**WHAT IS NEEDED**
Set down, please, exactly the lines below that run from the line with "using inv by" to the line with "from asf_rules_sound[OF assms(1)]", both lines included.

**DATA FOR THIS EXERCISE**
►

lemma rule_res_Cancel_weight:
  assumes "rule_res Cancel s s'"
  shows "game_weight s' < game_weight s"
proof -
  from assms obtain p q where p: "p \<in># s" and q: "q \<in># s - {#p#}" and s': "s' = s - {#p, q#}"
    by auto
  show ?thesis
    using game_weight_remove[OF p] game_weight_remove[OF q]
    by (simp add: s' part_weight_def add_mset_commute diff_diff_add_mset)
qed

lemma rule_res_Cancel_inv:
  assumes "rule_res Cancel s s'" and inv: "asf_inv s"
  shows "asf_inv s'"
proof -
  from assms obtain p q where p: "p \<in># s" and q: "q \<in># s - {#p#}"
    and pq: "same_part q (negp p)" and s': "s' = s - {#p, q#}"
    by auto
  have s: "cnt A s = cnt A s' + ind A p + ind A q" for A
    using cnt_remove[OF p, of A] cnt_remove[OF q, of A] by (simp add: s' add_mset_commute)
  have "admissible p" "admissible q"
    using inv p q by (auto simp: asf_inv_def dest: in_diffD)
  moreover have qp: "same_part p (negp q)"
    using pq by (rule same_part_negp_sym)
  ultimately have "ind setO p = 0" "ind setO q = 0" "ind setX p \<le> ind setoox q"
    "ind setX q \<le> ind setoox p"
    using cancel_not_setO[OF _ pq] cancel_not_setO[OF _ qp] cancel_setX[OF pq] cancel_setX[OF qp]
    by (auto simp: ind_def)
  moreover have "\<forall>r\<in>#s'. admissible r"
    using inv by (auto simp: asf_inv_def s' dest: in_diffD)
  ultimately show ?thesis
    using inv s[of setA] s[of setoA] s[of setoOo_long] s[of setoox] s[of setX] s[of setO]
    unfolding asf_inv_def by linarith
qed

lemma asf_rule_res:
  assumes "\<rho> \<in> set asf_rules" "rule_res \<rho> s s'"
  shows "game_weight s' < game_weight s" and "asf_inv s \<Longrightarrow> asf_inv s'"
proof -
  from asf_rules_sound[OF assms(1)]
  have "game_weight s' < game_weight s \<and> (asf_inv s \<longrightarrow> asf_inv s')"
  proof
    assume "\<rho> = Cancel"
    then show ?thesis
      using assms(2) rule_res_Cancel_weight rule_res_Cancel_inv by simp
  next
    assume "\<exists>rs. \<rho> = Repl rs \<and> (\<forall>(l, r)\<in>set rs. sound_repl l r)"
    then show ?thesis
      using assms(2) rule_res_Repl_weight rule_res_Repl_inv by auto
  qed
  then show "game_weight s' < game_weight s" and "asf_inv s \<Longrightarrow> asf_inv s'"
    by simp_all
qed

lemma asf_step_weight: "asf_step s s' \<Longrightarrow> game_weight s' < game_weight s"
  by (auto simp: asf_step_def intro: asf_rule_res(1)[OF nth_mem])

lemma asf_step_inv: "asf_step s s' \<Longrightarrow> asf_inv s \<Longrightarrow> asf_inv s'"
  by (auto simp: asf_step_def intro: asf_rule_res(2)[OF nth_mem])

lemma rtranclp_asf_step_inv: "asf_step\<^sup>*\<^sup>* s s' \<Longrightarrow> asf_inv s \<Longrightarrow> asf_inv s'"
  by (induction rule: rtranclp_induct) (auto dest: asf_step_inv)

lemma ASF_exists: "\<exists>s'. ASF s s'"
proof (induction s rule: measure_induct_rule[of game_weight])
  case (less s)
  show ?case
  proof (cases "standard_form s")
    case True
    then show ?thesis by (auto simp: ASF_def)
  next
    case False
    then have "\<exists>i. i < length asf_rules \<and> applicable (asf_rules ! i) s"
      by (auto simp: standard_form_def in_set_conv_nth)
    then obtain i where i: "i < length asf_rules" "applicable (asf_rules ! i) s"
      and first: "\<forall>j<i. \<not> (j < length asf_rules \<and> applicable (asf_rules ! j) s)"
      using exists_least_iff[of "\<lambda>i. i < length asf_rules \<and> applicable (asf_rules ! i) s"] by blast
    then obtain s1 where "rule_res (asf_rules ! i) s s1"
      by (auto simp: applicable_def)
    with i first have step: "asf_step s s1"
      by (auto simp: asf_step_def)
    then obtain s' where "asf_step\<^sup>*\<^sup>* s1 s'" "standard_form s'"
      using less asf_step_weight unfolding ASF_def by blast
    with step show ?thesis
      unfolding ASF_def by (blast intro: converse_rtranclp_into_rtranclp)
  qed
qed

◄

**EXERCISE OUTPUT**
    using inv by (auto simp: asf_inv_def s' dest: in_diffD)
  ultimately show ?thesis
    using inv s[of setA] s[of setoA] s[of setoOo_long] s[of setoox] s[of setX] s[of setO]
    unfolding asf_inv_def by linarith
qed

lemma asf_rule_res:
  assumes "\<rho> \<in> set asf_rules" "rule_res \<rho> s s'"
  shows "game_weight s' < game_weight s" and "asf_inv s \<Longrightarrow> asf_inv s'"
proof -
  from asf_rules_sound[OF assms(1)]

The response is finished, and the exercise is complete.